Modelling of Transport Processes inside Rechargeable Oxide Battery
An interesting metal / metal oxide system is iron/iron oxide which results in a reasonable open circuit voltage of approximately 1.02 V per cell at 800 °C due to the dissociation pressure of e.g. iron oxide (FeO) in the range of pO2≈10-18bar.

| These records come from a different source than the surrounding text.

lemma soc_bounded: "u \<le> T \<Longrightarrow> Smin \<le> s u \<and> s u \<le> Smax"
  using soc_bounds[of u] s_initial s0_bounds by (cases u) auto

lemma Pde_nonneg: "0 \<le> Pde Dt ed Pd Smin Smax"
  using Dt_pos ed_pos Pd_nonneg s0_bounds by (simp add: Pde_def)

lemma discharge_le:
  assumes "u \<in> {1..T}"
  shows "pd u \<le> Pde Dt ed Pd Smin Smax \<and> Dt * pd u \<le> ed * (s (u - 1) - Smin)"
proof (cases "pd u = 0")
  case True
  have "Smin \<le> s (u - 1)" using soc_bounded[of "u - 1"] assms by force
  then show ?thesis using True Pde_nonneg ed_pos by simp
next
  case False
  then have "pc u = 0" using complementarity[OF assms] by simp
  then have "Dt * pd u / ed \<le> s (u - 1) - Smin"
    using soc_dynamics[OF assms] soc_bounds[OF assms] by simp
  then have below_soc: "Dt * pd u \<le> ed * (s (u - 1) - Smin)"
    using ed_pos by (simp add: field_simps)
  also have "\<dots> \<le> ed * (Smax - Smin)"
    using soc_bounded[of "u - 1"] assms ed_pos by force
  finally have "pd u \<le> ed * (Smax - Smin) / Dt"
    using Dt_pos by (simp add: field_simps)
  then show ?thesis using below_soc power_bounds[OF assms] by (simp add: Pde_def)
qed

lemma charge_le_Pce: "u \<in> {1..T} \<Longrightarrow> pc u \<le> Pce Dt ec Pc Smin Smax"
proof -
  assume "u \<in> {1..T}"
  interpret mirrored: storage_trajectory T Dt "1 / ed" "1 / ec" Pc Pd Smin Smax
    "Smin + Smax - s0" pc pd "\<lambda>u. Smin + Smax - s u"
    by (rule mirror_trajectory)
  show ?thesis using mirrored.discharge_le[OF \<open>u \<in> {1..T}\<close>] by (simp add: Pde_mirror)
qed

lemma soc_le_shigh: "u \<le> T \<Longrightarrow> s u \<le> shigh Dt ec Pc Smin Smax s0 u"
proof (induction u)
  case 0
  then show ?case using s_initial by simp
next
  case (Suc u)
  then have u: "Suc u \<in> {1..T}" by simp
  have "Dt * (ec * pc (Suc u)) \<le> Dt * ec * Pce Dt ec Pc Smin Smax"
    using charge_le_Pce[OF u] Dt_pos ec_pos by simp
  moreover have "0 \<le> Dt * pd (Suc u) / ed"
    using power_bounds[OF u] Dt_pos ed_pos by simp
  ultimately have "s (Suc u) \<le> s u + Dt * ec * Pce Dt ec Pc Smin Smax"
    using soc_dynamics[OF u] by (simp add: right_diff_distrib)
  then show ?case using Suc soc_bounds[OF u] by simp
qed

Oxidation and reduction rates strongly depend on the exact atmospheric compositions, the surface area, the porosity, and the diffusion velocities in the storage component. Latter will change due to the chemical expansion (change of pore sizes) during charging and discharging of the battery. Also the formation of oxide or metallic layers on top of the storage components can massively influence the reaction kinetics.
Therefore, in this study a 1D and a 2D model are developed to simulate the gas diffusion in the prevailing H2O/H2 atmosphere from the cell to the storage component (and back) as well as the gas-solid reaction in the porous iron/iron oxide. The model is implemented using the Navier-Stokes equations and the method of finite elements in Matlab.
The redox process which takes place within the microscopic pores of the metallic storage material can be described by the following equations:
Me + H2O ⇌ MeO + H2
2Me + 3H2O ⇌ Me2O3 + 3H2
3Me + 4H2O ⇌ Me3O4 +4H2
In addition, the formation of volatile oxides or hydroxides has to be considered which may cause long-term degradation of the storage components:
Me + 2H2O ⇌ Me(OH)2 + H2
MeO + H2O ⇌ Me(OH)2
Me3O4 + 2H2O + H2 ⇌ 3Me(OH)2
The degradation process reduces the performance of the battery along with its recyclability and lifetime. Therefore the degradation should be held as low as possible. Thus, the model contributes to identifying the critical processes in the battery and will allow for optimizing both the battery design and the operation conditions.